BEGIN EXCERPTED DATA
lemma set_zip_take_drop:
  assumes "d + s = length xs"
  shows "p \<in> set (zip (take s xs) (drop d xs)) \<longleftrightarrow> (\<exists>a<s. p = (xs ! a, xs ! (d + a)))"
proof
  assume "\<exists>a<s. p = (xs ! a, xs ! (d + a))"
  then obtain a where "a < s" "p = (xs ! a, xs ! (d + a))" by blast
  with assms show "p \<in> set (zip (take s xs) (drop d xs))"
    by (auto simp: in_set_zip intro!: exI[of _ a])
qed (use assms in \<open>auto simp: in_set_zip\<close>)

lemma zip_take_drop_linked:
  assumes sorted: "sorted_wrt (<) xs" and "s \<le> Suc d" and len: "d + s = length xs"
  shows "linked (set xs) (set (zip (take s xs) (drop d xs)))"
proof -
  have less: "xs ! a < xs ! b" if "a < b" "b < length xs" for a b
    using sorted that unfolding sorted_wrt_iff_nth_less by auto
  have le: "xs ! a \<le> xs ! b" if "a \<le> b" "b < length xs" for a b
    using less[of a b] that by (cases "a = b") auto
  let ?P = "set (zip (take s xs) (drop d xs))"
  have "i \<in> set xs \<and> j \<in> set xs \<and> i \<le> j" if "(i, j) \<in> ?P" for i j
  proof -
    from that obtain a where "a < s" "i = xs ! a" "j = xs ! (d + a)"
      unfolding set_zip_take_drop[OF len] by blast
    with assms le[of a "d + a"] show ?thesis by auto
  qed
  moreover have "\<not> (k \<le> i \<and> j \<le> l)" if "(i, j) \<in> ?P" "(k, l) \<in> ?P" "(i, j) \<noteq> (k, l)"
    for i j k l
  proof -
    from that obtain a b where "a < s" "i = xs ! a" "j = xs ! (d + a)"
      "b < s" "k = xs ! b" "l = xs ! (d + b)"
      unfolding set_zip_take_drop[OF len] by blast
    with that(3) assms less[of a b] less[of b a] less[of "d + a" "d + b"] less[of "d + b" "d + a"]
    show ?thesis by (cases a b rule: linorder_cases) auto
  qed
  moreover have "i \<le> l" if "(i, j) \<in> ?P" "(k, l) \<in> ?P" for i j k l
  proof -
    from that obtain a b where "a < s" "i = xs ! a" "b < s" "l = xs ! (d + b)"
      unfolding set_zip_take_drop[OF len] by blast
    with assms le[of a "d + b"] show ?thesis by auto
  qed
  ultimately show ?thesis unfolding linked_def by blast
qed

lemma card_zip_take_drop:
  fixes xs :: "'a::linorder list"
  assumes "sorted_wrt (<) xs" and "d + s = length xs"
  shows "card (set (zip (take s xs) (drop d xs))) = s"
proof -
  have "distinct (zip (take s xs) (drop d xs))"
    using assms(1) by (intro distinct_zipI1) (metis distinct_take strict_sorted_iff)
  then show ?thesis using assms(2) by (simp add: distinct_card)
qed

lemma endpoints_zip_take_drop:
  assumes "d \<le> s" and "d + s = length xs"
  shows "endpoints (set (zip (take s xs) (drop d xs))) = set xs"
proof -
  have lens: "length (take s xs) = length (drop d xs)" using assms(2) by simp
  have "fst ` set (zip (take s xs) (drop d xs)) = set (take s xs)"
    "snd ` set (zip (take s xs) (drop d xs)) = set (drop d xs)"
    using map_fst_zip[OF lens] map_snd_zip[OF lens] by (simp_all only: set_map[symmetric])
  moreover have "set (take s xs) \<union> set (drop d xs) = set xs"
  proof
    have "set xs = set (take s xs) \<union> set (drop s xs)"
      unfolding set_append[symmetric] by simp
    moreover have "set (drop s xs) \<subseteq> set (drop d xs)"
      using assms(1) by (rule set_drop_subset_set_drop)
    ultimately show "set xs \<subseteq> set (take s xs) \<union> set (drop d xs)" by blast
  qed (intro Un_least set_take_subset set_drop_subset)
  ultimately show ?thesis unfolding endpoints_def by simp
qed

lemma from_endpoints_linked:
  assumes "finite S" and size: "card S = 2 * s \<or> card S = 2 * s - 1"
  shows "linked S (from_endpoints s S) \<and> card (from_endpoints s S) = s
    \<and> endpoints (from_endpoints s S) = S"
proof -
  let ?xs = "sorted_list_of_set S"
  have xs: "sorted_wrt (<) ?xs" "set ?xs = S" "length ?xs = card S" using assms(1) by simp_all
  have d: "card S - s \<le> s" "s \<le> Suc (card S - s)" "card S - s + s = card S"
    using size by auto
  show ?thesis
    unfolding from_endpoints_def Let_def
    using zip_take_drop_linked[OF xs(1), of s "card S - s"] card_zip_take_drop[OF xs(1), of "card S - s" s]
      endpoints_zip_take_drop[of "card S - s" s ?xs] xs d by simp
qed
END EXCERPTED DATA
BEGIN EXCERPTED DATA
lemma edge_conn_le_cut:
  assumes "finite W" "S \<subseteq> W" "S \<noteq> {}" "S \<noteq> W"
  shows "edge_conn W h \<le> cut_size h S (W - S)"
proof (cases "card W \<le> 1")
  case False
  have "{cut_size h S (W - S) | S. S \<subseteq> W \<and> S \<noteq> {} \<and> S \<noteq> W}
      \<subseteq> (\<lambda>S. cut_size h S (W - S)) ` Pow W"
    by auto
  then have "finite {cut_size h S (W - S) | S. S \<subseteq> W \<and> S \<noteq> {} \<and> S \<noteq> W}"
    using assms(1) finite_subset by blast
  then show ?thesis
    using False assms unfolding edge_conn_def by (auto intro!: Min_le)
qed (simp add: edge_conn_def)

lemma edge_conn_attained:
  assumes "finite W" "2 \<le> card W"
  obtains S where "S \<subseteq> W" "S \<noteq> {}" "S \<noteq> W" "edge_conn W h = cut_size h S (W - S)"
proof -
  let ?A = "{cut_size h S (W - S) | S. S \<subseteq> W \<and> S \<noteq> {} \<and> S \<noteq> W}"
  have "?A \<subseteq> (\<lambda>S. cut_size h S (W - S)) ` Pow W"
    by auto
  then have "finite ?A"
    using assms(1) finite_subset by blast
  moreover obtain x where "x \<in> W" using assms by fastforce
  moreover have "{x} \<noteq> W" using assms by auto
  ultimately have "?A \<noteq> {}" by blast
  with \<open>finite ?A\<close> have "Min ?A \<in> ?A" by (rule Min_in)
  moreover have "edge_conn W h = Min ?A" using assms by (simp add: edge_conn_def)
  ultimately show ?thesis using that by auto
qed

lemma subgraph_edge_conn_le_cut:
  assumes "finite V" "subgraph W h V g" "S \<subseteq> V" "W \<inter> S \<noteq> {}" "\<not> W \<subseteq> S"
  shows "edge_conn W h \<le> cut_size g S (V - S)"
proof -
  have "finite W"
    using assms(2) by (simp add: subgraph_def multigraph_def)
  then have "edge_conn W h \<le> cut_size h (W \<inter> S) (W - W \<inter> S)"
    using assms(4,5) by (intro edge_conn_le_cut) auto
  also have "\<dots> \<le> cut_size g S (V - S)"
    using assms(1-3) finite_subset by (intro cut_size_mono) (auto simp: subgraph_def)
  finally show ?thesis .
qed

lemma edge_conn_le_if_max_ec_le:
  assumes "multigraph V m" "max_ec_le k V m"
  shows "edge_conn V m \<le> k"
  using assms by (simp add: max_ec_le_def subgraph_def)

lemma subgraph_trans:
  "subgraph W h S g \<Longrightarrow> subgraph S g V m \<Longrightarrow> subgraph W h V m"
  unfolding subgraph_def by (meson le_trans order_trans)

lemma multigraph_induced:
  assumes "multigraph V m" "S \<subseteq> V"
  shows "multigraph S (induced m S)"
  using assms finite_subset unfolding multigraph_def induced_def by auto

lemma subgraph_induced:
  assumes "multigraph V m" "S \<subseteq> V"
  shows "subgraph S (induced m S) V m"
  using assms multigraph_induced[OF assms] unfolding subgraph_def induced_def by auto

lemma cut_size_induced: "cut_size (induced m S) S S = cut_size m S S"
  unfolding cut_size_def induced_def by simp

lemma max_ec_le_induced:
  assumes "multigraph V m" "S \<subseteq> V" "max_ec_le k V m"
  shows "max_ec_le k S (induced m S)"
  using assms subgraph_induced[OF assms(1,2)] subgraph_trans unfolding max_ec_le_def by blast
END EXCERPTED DATA
BEGIN EXCERPTED DATA
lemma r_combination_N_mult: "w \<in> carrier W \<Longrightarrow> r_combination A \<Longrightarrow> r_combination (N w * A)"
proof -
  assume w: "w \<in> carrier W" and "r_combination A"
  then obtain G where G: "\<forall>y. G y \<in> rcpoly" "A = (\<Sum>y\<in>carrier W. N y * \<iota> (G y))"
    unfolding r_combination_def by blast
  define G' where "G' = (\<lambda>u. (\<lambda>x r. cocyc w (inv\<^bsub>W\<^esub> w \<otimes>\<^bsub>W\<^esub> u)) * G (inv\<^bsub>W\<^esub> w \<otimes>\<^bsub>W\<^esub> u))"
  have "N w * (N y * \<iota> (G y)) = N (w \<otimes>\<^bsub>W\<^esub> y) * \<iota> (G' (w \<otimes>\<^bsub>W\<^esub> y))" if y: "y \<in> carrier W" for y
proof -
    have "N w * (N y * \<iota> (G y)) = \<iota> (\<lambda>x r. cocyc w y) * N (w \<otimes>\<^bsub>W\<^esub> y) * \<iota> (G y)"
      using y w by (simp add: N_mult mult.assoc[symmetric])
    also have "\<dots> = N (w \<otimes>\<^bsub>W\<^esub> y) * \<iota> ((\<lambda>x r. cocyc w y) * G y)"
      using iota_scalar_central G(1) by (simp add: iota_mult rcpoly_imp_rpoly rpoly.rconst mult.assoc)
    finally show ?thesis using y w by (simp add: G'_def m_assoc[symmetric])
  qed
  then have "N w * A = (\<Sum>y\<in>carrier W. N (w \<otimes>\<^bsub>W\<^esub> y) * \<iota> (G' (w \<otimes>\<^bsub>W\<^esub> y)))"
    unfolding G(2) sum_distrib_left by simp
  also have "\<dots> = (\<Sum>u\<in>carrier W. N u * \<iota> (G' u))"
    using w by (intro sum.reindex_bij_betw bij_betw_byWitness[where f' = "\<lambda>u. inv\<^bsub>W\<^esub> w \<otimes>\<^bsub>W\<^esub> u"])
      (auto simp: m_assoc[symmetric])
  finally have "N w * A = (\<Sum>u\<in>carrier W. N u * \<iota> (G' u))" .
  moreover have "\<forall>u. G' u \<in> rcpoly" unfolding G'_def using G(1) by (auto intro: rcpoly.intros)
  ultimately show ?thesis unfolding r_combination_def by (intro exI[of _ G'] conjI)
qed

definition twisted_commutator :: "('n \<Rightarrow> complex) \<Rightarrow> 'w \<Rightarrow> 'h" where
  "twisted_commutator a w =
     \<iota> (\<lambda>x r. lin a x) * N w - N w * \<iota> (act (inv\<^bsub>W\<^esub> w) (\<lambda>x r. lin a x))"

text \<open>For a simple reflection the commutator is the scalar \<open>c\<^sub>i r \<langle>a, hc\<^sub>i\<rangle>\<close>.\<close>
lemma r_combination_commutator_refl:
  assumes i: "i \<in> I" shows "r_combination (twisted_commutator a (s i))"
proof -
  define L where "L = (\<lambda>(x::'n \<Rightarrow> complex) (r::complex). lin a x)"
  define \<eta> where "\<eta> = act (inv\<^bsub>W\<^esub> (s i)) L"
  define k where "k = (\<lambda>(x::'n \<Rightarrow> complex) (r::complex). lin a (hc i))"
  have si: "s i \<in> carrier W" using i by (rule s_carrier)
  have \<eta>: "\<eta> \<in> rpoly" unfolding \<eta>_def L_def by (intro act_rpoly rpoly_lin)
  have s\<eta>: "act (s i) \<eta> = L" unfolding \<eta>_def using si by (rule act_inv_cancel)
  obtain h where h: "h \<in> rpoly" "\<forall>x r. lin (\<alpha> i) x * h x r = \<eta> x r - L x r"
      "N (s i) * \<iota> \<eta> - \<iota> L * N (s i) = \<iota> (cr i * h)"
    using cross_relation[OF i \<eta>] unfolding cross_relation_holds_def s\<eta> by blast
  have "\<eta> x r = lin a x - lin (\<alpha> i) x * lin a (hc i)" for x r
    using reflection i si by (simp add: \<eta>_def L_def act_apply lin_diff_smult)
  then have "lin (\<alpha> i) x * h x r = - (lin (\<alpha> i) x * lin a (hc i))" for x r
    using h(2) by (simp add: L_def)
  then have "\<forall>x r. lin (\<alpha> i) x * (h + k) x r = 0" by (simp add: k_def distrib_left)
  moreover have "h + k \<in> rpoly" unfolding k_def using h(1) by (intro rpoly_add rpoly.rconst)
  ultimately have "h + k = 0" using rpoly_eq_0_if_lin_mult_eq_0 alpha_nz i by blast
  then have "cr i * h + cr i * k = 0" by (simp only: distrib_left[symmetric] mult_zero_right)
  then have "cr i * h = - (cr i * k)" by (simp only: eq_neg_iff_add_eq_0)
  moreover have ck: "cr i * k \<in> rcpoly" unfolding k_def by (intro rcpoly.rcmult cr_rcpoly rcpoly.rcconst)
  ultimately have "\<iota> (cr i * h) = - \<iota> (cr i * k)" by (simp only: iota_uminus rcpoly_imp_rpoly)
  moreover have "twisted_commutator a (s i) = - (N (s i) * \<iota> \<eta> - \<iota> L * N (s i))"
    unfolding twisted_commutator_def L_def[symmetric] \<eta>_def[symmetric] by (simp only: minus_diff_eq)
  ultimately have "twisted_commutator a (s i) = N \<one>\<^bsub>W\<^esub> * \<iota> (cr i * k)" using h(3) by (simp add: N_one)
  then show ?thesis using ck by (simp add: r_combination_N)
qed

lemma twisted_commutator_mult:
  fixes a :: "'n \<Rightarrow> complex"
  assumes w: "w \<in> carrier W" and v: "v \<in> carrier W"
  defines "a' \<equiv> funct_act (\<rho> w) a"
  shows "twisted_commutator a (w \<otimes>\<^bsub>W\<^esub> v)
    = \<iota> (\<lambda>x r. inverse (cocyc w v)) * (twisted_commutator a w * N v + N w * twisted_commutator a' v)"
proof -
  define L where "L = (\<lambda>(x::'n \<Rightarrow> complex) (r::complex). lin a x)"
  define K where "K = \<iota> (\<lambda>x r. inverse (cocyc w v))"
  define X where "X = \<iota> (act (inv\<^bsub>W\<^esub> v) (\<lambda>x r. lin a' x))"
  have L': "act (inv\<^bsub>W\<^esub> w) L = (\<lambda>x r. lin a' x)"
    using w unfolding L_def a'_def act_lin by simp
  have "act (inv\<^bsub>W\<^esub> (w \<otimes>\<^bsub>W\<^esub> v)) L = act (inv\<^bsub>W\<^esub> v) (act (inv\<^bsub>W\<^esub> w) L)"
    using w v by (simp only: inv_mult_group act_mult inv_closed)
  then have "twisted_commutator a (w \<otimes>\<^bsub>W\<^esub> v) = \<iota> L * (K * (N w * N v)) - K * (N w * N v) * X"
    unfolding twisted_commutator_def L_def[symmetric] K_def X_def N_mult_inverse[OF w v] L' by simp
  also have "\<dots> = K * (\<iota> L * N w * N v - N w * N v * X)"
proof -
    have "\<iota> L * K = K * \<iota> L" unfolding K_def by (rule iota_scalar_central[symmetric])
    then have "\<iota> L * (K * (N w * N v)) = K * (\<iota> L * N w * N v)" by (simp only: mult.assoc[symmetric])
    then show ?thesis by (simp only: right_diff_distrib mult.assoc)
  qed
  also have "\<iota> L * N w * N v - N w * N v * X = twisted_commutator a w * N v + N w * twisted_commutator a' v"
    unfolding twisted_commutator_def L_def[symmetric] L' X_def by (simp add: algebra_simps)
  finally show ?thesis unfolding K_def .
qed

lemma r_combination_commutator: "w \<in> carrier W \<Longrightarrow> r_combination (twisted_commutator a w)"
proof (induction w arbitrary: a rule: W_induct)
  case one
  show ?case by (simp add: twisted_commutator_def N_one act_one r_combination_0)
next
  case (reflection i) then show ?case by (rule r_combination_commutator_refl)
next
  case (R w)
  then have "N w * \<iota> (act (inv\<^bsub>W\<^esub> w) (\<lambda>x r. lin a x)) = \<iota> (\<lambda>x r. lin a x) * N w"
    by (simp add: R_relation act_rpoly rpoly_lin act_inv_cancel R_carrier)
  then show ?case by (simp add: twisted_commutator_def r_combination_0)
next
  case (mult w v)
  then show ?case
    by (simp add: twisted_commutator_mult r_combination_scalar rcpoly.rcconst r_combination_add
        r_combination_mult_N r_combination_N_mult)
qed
END EXCERPTED DATA
Answer with a single number: how many lines in the data above have the string "cases" in them?

3